We can say that we’re not perfect, but the discipline and practice of Lent shows us just how much and in what practical ways that is true. We can say that we draw lines between us and them, but this day of Palm Sunday combined with the Sunday of the Passion reveals to us how deep and almost unpassable those lines can be for us. We can say that we’re sinners in need of a Saviour, but throughout the lessons, seasons, and festival days, God shows us just how much we actually do get that Saviour.
But it is important to note that it isn’t because of our sin or recognition of it that God chooses to open for us the doors of salvation. It isn’t our shouts and pleas of Hosanna that makes us worthy of being welcomed and included in God’s plan of mercy and redemption. It isn’t even the act of unjustly convicting and condemning Jesus to die on a cross that saves us.
Rather, it is God who decides to save us in spite of all of that. It by God’s grace that our imperfection, hypocrisy, and sin don’t exclude us. It is because God, who is all love, chooses to extend that love to all people no matter their background, no matter their world paradigms, and no matter what side of that humanly created line they land on, and saves us.
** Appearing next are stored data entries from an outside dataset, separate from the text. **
definition num_queries :: "algorithm \<Rightarrow> nat \<Rightarrow> (nat \<Rightarrow> nat) \<Rightarrow> nat" where
  "num_queries A k \<sigma> = (\<Sum>r<k. card (round_queries A \<sigma> r))"

definition run_output :: "algorithm \<Rightarrow> nat \<Rightarrow> (nat \<Rightarrow> nat) \<Rightarrow> nat" where
  "run_output A k \<sigma> = answer_of A (history A \<sigma> k)"

end

theory Submission
  imports Defs "HOL-Library.More_List"
begin
(* Let $G=(V,E)$ be a finite simple graph and let $T\geq 1$ be an integer. If $(s,x,y,z)$ is a feasible solution of the Infection Model $\mathrm{IM}(G,T)$, then $C=\{v\in V\colon s_v=1\}$ is a zero forcing set of $G$ that is the initial set of some zero forcing game in $\mathcal{Z}(G,T)$, and $\mathrm{pt}(G,C)\leq z\leq T$.
   Context: Zero forcing: $n=|V|$, $N(u)$ is the neighborhood of $u$. Under the standard color change rule, a filled vertex $u$ can force a non-filled vertex $v$ if $v$ is the only non-filled neighbor of $u$. A zero forcing game on $G$ with initial set $C\subseteq V$ consists of sets $C^{(0)}=C^{[0]}=C$, sets $C^{(t)}$ (vertices forced at time step $t$) with $C^{[t]}=C^{[t-1]}\cup C^{(t)}$ for $t\geq1$, and a collection $\phi(C)$ of forces $u\to v$, such that every vertex lies in exactly one set $C^{(t)}$, and each $v\in C^{(t)}$ with $t\geq 1$ is forced by exactly one neighbor $u$ (recorded as $u\to v$ in $\phi(C)$) such that $u$ and all neighbors of $u$ other than $v$ lie in $C^{[t-1]}$. The closure of $C$ is the set of filled vertices once no more forces are possible; $C$ is a zero forcing set if its closure is $V$. The propagation time $\mathrm{pt}(G,C)$ is the smallest $t^*$ with $C^{[t^*]}=V$ when at each time step all possible forces are applied simultaneously (i.e. $C^{(t)}$ is the set of all $v\notin C^{[t-1]}$ for which some $u\in C^{[t-1]}$ has $v$ as its unique neighbor outside $C^{[t-1]}$), and $\mathrm{pt}(G,C)=\infty$ if $C$ is not a zero forcing set. $\mathcal{Z}(G,T)$ denotes the family of all zero forcing games on $G$ whose initial set is a zero forcing set and which use at most $T$ time steps. Infection Model: let $A$ be the set of arcs containing both $(u,v)$ and $(v,u)$ for each edge $\{u,v\}\in E$, and $[T]=\{1,\dots,T\}$. The model $\mathrm{IM}(G,T)$ has variables $s_v\in\{0,1\}$ and $x_v\in\{0,1,\dots,T\}$ for $v\in V$, $y_a\in\{0,1\}$ for $a\in A$, and $z\in\{0,1,\dots,T\}$, subject to: (i) $s_v+\sum_{a=(u,v)\in A}y_a=1$ for all $v\in V$; (ii) $x_u-x_v+(T+1)y_a\leq T$ for all $a=(u,v)\in A$; (iii) $x_w-x_v+(T+1)y_a\leq T$ for all $a=(u,v)\in A$ and $w\in N(u)\setminus\{v\}$; (iv) $x_v-z\leq 0$ for all $v\in V$. Its objective is to minimize $\sum_{v\in V}s_v$. A feasible solution is one satisfying all these constraints. *)

theory Defs
  imports Main "HOL-Library.Extended_Nat"
begin

definition simple_graph :: "'a set \<Rightarrow> ('a \<Rightarrow> 'a \<Rightarrow> bool) \<Rightarrow> bool" where
  "simple_graph V E \<longleftrightarrow> finite V
     \<and> (\<forall>u v. E u v \<longrightarrow> u \<in> V \<and> v \<in> V)
     \<and> (\<forall>u v. E u v \<longrightarrow> E v u)
     \<and> (\<forall>u. \<not> E u u)"

definition nbhd :: "'a set \<Rightarrow> ('a \<Rightarrow> 'a \<Rightarrow> bool) \<Rightarrow> 'a \<Rightarrow> 'a set" where
  "nbhd V E u = {w \<in> V. E u w}"

definition arcs :: "'a set \<Rightarrow> ('a \<Rightarrow> 'a \<Rightarrow> bool) \<Rightarrow> ('a \<times> 'a) set" where
  "arcs V E = {(u, v). u \<in> V \<and> v \<in> V \<and> E u v}"

inductive_set zf_closure :: "'a set \<Rightarrow> ('a \<Rightarrow> 'a \<Rightarrow> bool) \<Rightarrow> 'a set \<Rightarrow> 'a set"
  for V E C where
  init: "v \<in> C \<Longrightarrow> v \<in> zf_closure V E C"
| force: "u \<in> zf_closure V E C \<Longrightarrow> v \<in> nbhd V E u \<Longrightarrow>
          (\<And>w. w \<in> nbhd V E u \<Longrightarrow> w \<noteq> v \<Longrightarrow> w \<in> zf_closure V E C) \<Longrightarrow>
          v \<in> zf_closure V E C"

definition zero_forcing_set :: "'a set \<Rightarrow> ('a \<Rightarrow> 'a \<Rightarrow> bool) \<Rightarrow> 'a set \<Rightarrow> bool" where
  "zero_forcing_set V E C \<longleftrightarrow> C \<subseteq> V \<and> zf_closure V E C = V"

definition cum :: "(nat \<Rightarrow> 'a set) \<Rightarrow> nat \<Rightarrow> 'a set" where
  "cum Ct t = (\<Union>i\<le>t. Ct i)"

definition zf_game :: "'a set \<Rightarrow> ('a \<Rightarrow> 'a \<Rightarrow> bool) \<Rightarrow> 'a set
     \<Rightarrow> (nat \<Rightarrow> 'a set) \<Rightarrow> ('a \<times> 'a) set \<Rightarrow> bool" where
  "zf_game V E C Ct phi \<longleftrightarrow>
     Ct 0 = C
   \<and> (\<forall>t. Ct t \<subseteq> V)
   \<and> (\<forall>v\<in>V. \<exists>!t. v \<in> Ct t)
   \<and> phi \<subseteq> {(u, v). E u v \<and> (\<exists>t\<ge>1. v \<in> Ct t)}
   \<and> (\<forall>t\<ge>1. \<forall>v\<in>Ct t. \<exists>!u. (u, v) \<in> phi \<and> u \<in> nbhd V E v
         \<and> u \<in> cum Ct (t - 1) \<and> nbhd V E u - {v} \<subseteq> cum Ct (t - 1))
   \<and> (\<forall>t\<ge>1. \<forall>v\<in>Ct t. \<forall>u. (u, v) \<in> phi \<longrightarrow>
         u \<in> cum Ct (t - 1) \<and> nbhd V E u - {v} \<subseteq> cum Ct (t - 1))"

definition in_ZGT :: "'a set \<Rightarrow> ('a \<Rightarrow> 'a \<Rightarrow> bool) \<Rightarrow> nat
     \<Rightarrow> 'a set \<Rightarrow> (nat \<Rightarrow> 'a set) \<Rightarrow> ('a \<times> 'a) set \<Rightarrow> bool" where
  "in_ZGT V E T C Ct phi \<longleftrightarrow> zero_forcing_set V E C \<and> zf_game V E C Ct phi
     \<and> (\<forall>t>T. Ct t = {})"

definition pt_step :: "'a set \<Rightarrow> ('a \<Rightarrow> 'a \<Rightarrow> bool) \<Rightarrow> 'a set \<Rightarrow> 'a set" where
  "pt_step V E S = S \<union> {v \<in> V - S. \<exists>u\<in>S. nbhd V E u - S = {v}}"

definition prop_time :: "'a set \<Rightarrow> ('a \<Rightarrow> 'a \<Rightarrow> bool) \<Rightarrow> 'a set \<Rightarrow> enat" where
  "prop_time V E C = (if \<exists>t. (pt_step V E ^^ t) C = V
     then enat (LEAST t. (pt_step V E ^^ t) C = V) else \<infinity>)"

definition IM_feasible :: "'a set \<Rightarrow> ('a \<Rightarrow> 'a \<Rightarrow> bool) \<Rightarrow> nat
     \<Rightarrow> ('a \<Rightarrow> int) \<Rightarrow> ('a \<Rightarrow> int) \<Rightarrow> ('a \<times> 'a \<Rightarrow> int) \<Rightarrow> int \<Rightarrow> bool" where
  "IM_feasible V E T s x y z \<longleftrightarrow>
     (\<forall>v\<in>V. s v \<in> {0, 1})
   \<and> (\<forall>v\<in>V. x v \<in> {0..int T})
   \<and> (\<forall>a\<in>arcs V E. y a \<in> {0, 1})
   \<and> z \<in> {0..int T}
   \<and> (\<forall>v\<in>V. s v + (\<Sum>a\<in>{a \<in> arcs V E. snd a = v}. y a) = 1)
   \<and> (\<forall>(u, v)\<in>arcs V E. x u - x v + (int T + 1) * y (u, v) \<le> int T)
   \<and> (\<forall>(u, v)\<in>arcs V E. \<forall>w\<in>nbhd V E u - {v}.
         x w - x v + (int T + 1) * y (u, v) \<le> int T)
   \<and> (\<forall>v\<in>V. x v - z \<le> 0)"

end

theory Submission
  imports Defs
begin

text \<open>The arcs with y = 1 say who infects whom, and x is a time stamp: constraint (i) gives
  every non-initial vertex an infecting in-neighbour u, and (ii), (iii) say that u and all other
  neighbours of u carry strictly smaller stamps. Such a parent map together with a time stamp
  is all that is needed: forcing each vertex at its stamp by its parent is a valid zero forcing
  game, the closure contains every vertex by induction on the stamp, and after t rounds of
  simultaneous forcing every vertex with stamp at most t is filled.\<close>

definition forcing_schedule ::
    "'a set \<Rightarrow> ('a \<Rightarrow> 'a \<Rightarrow> bool) \<Rightarrow> 'a set \<Rightarrow> ('a \<Rightarrow> nat) \<Rightarrow> ('a \<Rightarrow> 'a) \<Rightarrow> bool" where
  "forcing_schedule V E C f p \<longleftrightarrow> C \<subseteq> V \<and>
     (\<forall>v\<in>V - C. p v \<in> V \<and> v \<in> nbhd V E (p v) \<and> f (p v) < f v
        \<and> (\<forall>w\<in>nbhd V E (p v) - {v}. f w < f v))"

lemma forcing_scheduleD:
  assumes "forcing_schedule V E C f p" "v \<in> V" "v \<notin> C"
  shows "p v \<in> V" "v \<in> nbhd V E (p v)" "f (p v) < f v"
    and "\<And>w. w \<in> nbhd V E (p v) \<Longrightarrow> w \<noteq> v \<Longrightarrow> f w < f v"
  using assms unfolding forcing_schedule_def by auto

lemma forcing_schedule_pos:
  assumes "forcing_schedule V E C f p" "v \<in> V" "v \<notin> C"
  shows "0 < f v"
  using forcing_scheduleD(3)[OF assms] by simp

lemma forcing_schedule_subset: "forcing_schedule V E C f p \<Longrightarrow> C \<subseteq> V"
  unfolding forcing_schedule_def by simp

lemma in_nbhdD: "w \<in> nbhd V E u \<Longrightarrow> w \<in> V"
  unfolding nbhd_def by simp

lemma zero_forcing_set_if_forcing_schedule:
  assumes sched: "forcing_schedule V E C f p"
  shows "zero_forcing_set V E C"
proof -
  have "v \<in> zf_closure V E C" if "v \<in> V" for v
    using that
  proof (induction "f v" arbitrary: v rule: less_induct)
    case less
    show ?case
    proof (cases "v \<in> C")
      case True
      then show ?thesis by (rule zf_closure.init)
    next
      case False
      note parent = forcing_scheduleD[OF sched less.prems False]
      show ?thesis
      proof (rule zf_closure.force[where u = "p v"])
        show "p v \<in> zf_closure V E C"
          by (rule less.hyps[OF parent(3,1)])
        show "v \<in> nbhd V E (p v)"
          by (rule parent(2))
        show "w \<in> zf_closure V E C" if "w \<in> nbhd V E (p v)" "w \<noteq> v" for w
          using less.hyps parent(4)[OF that] that(1) by (simp add: nbhd_def)
      qed
    qed
  qed
  moreover have "zf_closure V E C \<subseteq> V"
  proof
    fix v assume "v \<in> zf_closure V E C"
    then show "v \<in> V"
    proof cases
      case init
      then show ?thesis
        using forcing_schedule_subset[OF sched] by blast
    next
      case (force u)
      show ?thesis
        using force(2) by (rule in_nbhdD)
    qed
  qed
  ultimately show ?thesis
    using forcing_schedule_subset[OF sched] unfolding zero_forcing_set_def by blast
qed

lemma pt_step_superset: "S \<subseteq> pt_step V E S"
  unfolding pt_step_def by (rule Un_upper1)

lemma pt_step_force:
  assumes "u \<in> S" "nbhd V E u - S = {v}"
  shows "v \<in> pt_step V E S"
proof -
  have "v \<in> nbhd V E u" "v \<notin> S"
    using assms(2) by blast+
  then have "v \<in> V - S"
    using in_nbhdD by simp
  with assms show ?thesis
    unfolding pt_step_def by blast
qed

lemma pt_step_iterate_subset:
  "C \<subseteq> V \<Longrightarrow> (pt_step V E ^^ t) C \<subseteq> V"
  by (induction t) (auto simp: pt_step_def)

lemma pt_step_iterate_superset: "C \<subseteq> (pt_step V E ^^ t) C"
  by (induction t) (auto simp: pt_step_def)

lemma pt_step_iterate_forcing_schedule:
  assumes sched: "forcing_schedule V E C f p"
  shows "{v \<in> V. f v \<le> t} \<subseteq> (pt_step V E ^^ t) C"
proof (induction t)
  case 0
  have "v \<in> C" if "v \<in> V" "f v = 0" for v
    using forcing_schedule_pos[OF sched that(1)] that(2) by auto
  then show ?case by auto
next
  case (Suc t)
  define S where "S = (pt_step V E ^^ t) C"
  have earlier: "w \<in> S" if "w \<in> V" "f w < Suc t" for w
    using Suc.IH that unfolding S_def by auto
  show ?case
  proof
    fix v assume "v \<in> {v \<in> V. f v \<le> Suc t}"
    then have v: "v \<in> V" "f v \<le> Suc t" by simp_all
    show "v \<in> (pt_step V E ^^ Suc t) C"
    proof (cases "v \<in> S")
      case True
      then show ?thesis
        using pt_step_superset[of S V E] by (auto simp: S_def)
    next
      case False
      then have "v \<notin> C"
        using pt_step_iterate_superset[where C = C and t = t] unfolding S_def by blast
      note parent = forcing_scheduleD[OF sched v(1) this]
      have "\<not> f v < Suc t"
        using earlier[OF v(1)] False by blast
      with v(2) have "f v = Suc t"
        by simp
      have "p v \<in> S"
        using earlier parent(1,3) \<open>f v = Suc t\<close> by simp
      moreover have "nbhd V E (p v) - S = {v}"
      proof
        show "nbhd V E (p v) - S \<subseteq> {v}"
        proof
          fix w assume "w \<in> nbhd V E (p v) - S"
          then have w: "w \<in> nbhd V E (p v)" "w \<notin> S"
            by simp_all
          show "w \<in> {v}"
          proof (rule ccontr)
            assume "w \<notin> {v}"
            then have "f w < Suc t"
              using parent(4)[OF w(1)] \<open>f v = Suc t\<close> by simp
            then show False
              using earlier[OF in_nbhdD[OF w(1)]] w(2) by blast
          qed
        qed
        show "{v} \<subseteq> nbhd V E (p v) - S"
          using parent(2) False by blast
      qed
      ultimately show ?thesis
        unfolding S_def by (simp add: pt_step_force)
    qed
  qed
qed
lemma moment_scale_mult:
  assumes "1 \<le> i" "i < l"
  shows "moment_scale n p j i * moment_scale n p j (l - i) = 2 ^ n * moment_scale n p j l"
proof -
  have "(i - 1) + (l - i - 1) + 1 = l - 1"
    using assms by linarith
  then have e1: "n * (i - 1) + n * (l - i - 1) + n = n * (l - 1)"
    by (metis distrib_left nat_mult_1_right)
  have e2: "i + (l - i) = l"
    using assms by simp
  have "moment_scale n p j i * moment_scale n p j (l - i)
      = (2 ^ j * real (card (ball0 n p))) ^ l / (2 ^ (n * (i - 1)) * 2 ^ (n * (l - i - 1)))"
    unfolding moment_scale_def by (simp add: power_add[symmetric] e2)
  also have "\<dots> = 2 ^ n * moment_scale n p j l"
    unfolding moment_scale_def e1[symmetric] by (simp add: power_add field_simps)
  finally show ?thesis .
qed

lemma moment_target_nonneg: "0 \<le> \<Lambda> \<Longrightarrow> 0 \<le> moment_target n p L \<Lambda> j l"
  by (simp add: moment_target_def moment_scale_def)

lemma list_moment_1_le_target:
  "set bs \<subseteq> vecs n \<Longrightarrow> real (list_moment n p 1 bs) \<le> moment_target n p L \<Lambda> (length bs) 1"
  using list_moment_1_le by (simp add: moment_target_def moment_scale_def)

lemma moments_bounded_Nil:
  assumes "0 \<le> \<Lambda>"
  shows "moments_bounded n p L \<Lambda> []"
  unfolding moments_bounded_def
proof
  fix l assume l: "l \<in> {1..L}"
  show "real (list_moment n p l []) \<le> moment_target n p L \<Lambda> (length []) l"
  proof (cases "l = 1")
    case True
    then show ?thesis using list_moment_1_le_target[of "[]" n p L \<Lambda>] by simp
  next
    case False
    with l have "2 \<le> l" by simp
    then show ?thesis using list_moment_Nil moment_target_nonneg[OF assms] by simp
  qed
qed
See while this day marries Palm Sunday and the Sunday of the Passion together in this awkward dichotomy, it brings to light the awkward dichotomy that we have in ourselves of law and gospel, saint and sinner, light and darkness. While this season of Lent highlights all the ways that we don’t deserve what we get, it also reminds us that we get it anyway in abundance. While our faith reminds us of who we are as humans fully fallen and separated from God, we are also assured that God pushes aside those lines, breaks down those walls, and bridges those gaps into our hearts and declares us as beloved, welcomed, and saved children of God, brought into the unending arms of grace and love along with all the saints who are just as sinful but forgiven as we are.
So as we move from this season of Lent into this holiest of weeks that will culminate in the glorious resurrection of Christ, may we always recognise and see the lines that God erases, the walls that God passes through, and the dichotomies that God crosses, not to bring upon us guilt and shame, but to lift up just how big and wide God’s love and grace are. Thanks be to God. Amen.